There is a God - Who Flew?

That would be Antony Flew, the life-long atheist who announced his hard turn from atheism after examining the evidence for the irreducible complexity of life. Since shocking the anti-God camp with his defection a couple of years ago, Flew has written a book, There is a God. Flew devotes the first half of the book to the arguments he used to refute theism in his long and illustrious career as an atheistic philosopher. In the remainder, Flew discusses the factors that caused him to change his mind including,
"Why do I believe this, given that I expounded and defended atheism for more than half a century? The short answer is this: this is the world picture, as I see it, that has emerged from modern science. Science spotlights three dimensions that point to God. The first is the fact that nature obeys laws. The second is the dimension of life, of intelligently organized and purpose-driven beings, which arose from matter. The third is the very existence of nature. But it is not this alone that has guided me. I have also been helped by a renewed study of the classical philosophical arguments."

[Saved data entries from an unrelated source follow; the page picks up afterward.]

(* Fix $-1<\xi_1<\xi_2<\xi_3<1$. As $(s,t)\to(0,0)$ with $s,t>0$, $$P(s,t)-P(0,0)=\frac{1}{2\sqrt{1-\xi_2}\sqrt{1+\xi_2}\sqrt{\xi_3-\xi_2}}\,t\ln\frac1t+o\!\left(t\ln\frac1t\right)+O(s).$$
   Context: Fix $-1<\xi_1<\xi_2<\xi_3<1$. For real $y$, $\sqrt y$ denotes the principal branch: $\sqrt y\ge0$ for $y\ge0$ and $\sqrt y=i\sqrt{|y|}$ for $y<0$. For small $s,t\ge 0$ let $$g_{s,t}(x)=\frac{\sqrt{x-\xi_1+s}\,\sqrt{x-\xi_2+t}}{\sqrt{x-1}\sqrt{x+1}\sqrt{x-\xi_1}\sqrt{x-\xi_2}\sqrt{x-\xi_3}},$$ and define $A(s,t)=-i\int_{-\infty}^{-1}g_{s,t}\,dx$, $B(s,t)=-i\int_{\xi_1-s}^{\xi_1}g_{s,t}\,dx$, $C(s,t)=-i\int_{\xi_2-t}^{\xi_2}g_{s,t}\,dx$, $P(s,t)=-\int_{\xi_2}^{\xi_3}g_{s,t}\,dx$, $Q(s,t)=-\int_{\xi_1}^{\xi_2-t}g_{s,t}\,dx$, and $1/J(s,t)=\int_1^{\infty}g_{s,t}\,dx$ (all these are real). Notation: $h=O(g)$ means $|h/g|$ is bounded near $(0,0)$, and $h=o(g)$ means $h/g\to0$ as $(s,t)\to(0,0)$. *)

theory Defs
  imports "HOL-Analysis.Analysis" "HOL-Library.Landau_Symbols"
begin

text \<open>Principal square root of a real number, as a complex number:
  psqrt y = sqrt y for y \<ge> 0 and i * sqrt |y| for y < 0 (this is exactly csqrt on reals).\<close>
definition psqrt :: "real \<Rightarrow> complex" where
  "psqrt y = csqrt (complex_of_real y)"

definition gst :: "real \<Rightarrow> real \<Rightarrow> real \<Rightarrow> real \<Rightarrow> real \<Rightarrow> real \<Rightarrow> complex" where
  "gst \<xi>1 \<xi>2 \<xi>3 s t x =
     (psqrt (x - \<xi>1 + s) * psqrt (x - \<xi>2 + t)) /
     (psqrt (x - 1) * psqrt (x + 1) * psqrt (x - \<xi>1) * psqrt (x - \<xi>2) * psqrt (x - \<xi>3))"

definition Pst :: "real \<Rightarrow> real \<Rightarrow> real \<Rightarrow> real \<Rightarrow> real \<Rightarrow> complex" where
  "Pst \<xi>1 \<xi>2 \<xi>3 s t = - integral {\<xi>2..\<xi>3} (gst \<xi>1 \<xi>2 \<xi>3 s t)"

end

theory Submission
  imports Defs "HOL-Real_Asymp.Real_Asymp"
begin

(* On (xi2, xi3) exactly the square roots of x - 1 and x - xi3 are imaginary, so there
   g_{s,t} = -k (1 + psi_s) (1 + phi_t) with k(x) = 1 / sqrt ((1 - x) (1 + x) (xi3 - x)),
   psi_s(x) = sqrt (x - xi1 + s) / sqrt (x - xi1) - 1 and
   phi_t(x) = sqrt (x - xi2 + t) / sqrt (x - xi2) - 1.
   Expanding,
     P(s,t) - P(0,0) = int k psi_s (1 + phi_t) + k(xi2) int phi_t + int (k - k(xi2)) phi_t.
   Since psi_s = O(s) uniformly, the first integral is O(s). The function phi_t has an elementary
   antiderivative, and int phi_t = (t/2) ln (1/t) + O(t) yields the main term. In the last integral
   k(x) - k(xi2) = O(x - xi2) compensates phi_t <= t / (x - xi2), so it is O(t). All integrands are
   dominated by multiples of the arcsine weight 1 / sqrt ((x - xi2) (xi3 - x)), whose integral is pi. *)

lemma continuous_dominated_integrable:
  fixes f w :: "real \<Rightarrow> real"
  assumes "S \<in> sets lebesgue" "continuous_on S f" "(w has_integral I) S"
    and "\<And>x. x \<in> S \<Longrightarrow> \<bar>f x\<bar> \<le> M * w x"
  shows "f integrable_on S" "\<bar>integral S f\<bar> \<le> M * I"
proof -
  have Mw: "((\<lambda>x. M * w x) has_integral M * I) S"
    using has_integral_mult_right[OF assms(3)] by simp
  have Mw_int: "(\<lambda>x. M * w x) integrable_on S"
    using Mw by blast
  show f: "f integrable_on S"
    using continuous_imp_measurable_on_sets_lebesgue[OF assms(2,1)] Mw_int assms(4,1)
    by (rule measurable_bounded_by_integrable_imp_integrable_real)
  have "norm (integral S f) \<le> integral S (\<lambda>x. M * w x)"
    by (rule integral_norm_bound_integral[OF f Mw_int]) (use assms(4) in simp)
  also have "\<dots> = M * I"
    using Mw by (rule integral_unique)
  finally show "\<bar>integral S f\<bar> \<le> M * I"
    by simp
qed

In a recent interview with Ben Wiker, Flew further explains,
"There were two factors in particular that were decisive. One was my growing empathy with the insight of Einstein and other noted scientists that there had to be an Intelligence behind the integrated complexity of the physical Universe. The second was my own insight that the integrated complexity of life itself – which is far more complex than the physical Universe – can only be explained in terms of an Intelligent Source. I believe that the origin of life and reproduction simply cannot be explained from a biological standpoint despite numerous efforts to do so. With every passing year, the more that was discovered about the richness and inherent intelligence of life, the less it seemed likely that a chemical soup could magically generate the genetic code. The difference between life and non-life, it became apparent to me, was ontological and not chemical. The best confirmation of this radical gulf is Richard Dawkins' comical effort to argue in The God Delusion that the origin of life can be attributed to a "lucky chance." If that's the best argument you have, then the game is over. No, I did not hear a Voice. It was the evidence itself that led me to this conclusion..."
This is a great example of a person following the evidence wherever it leads, as opposed to those like Dawkins, who cut their examination short of anything that would interfere with their sense of moral autonomy.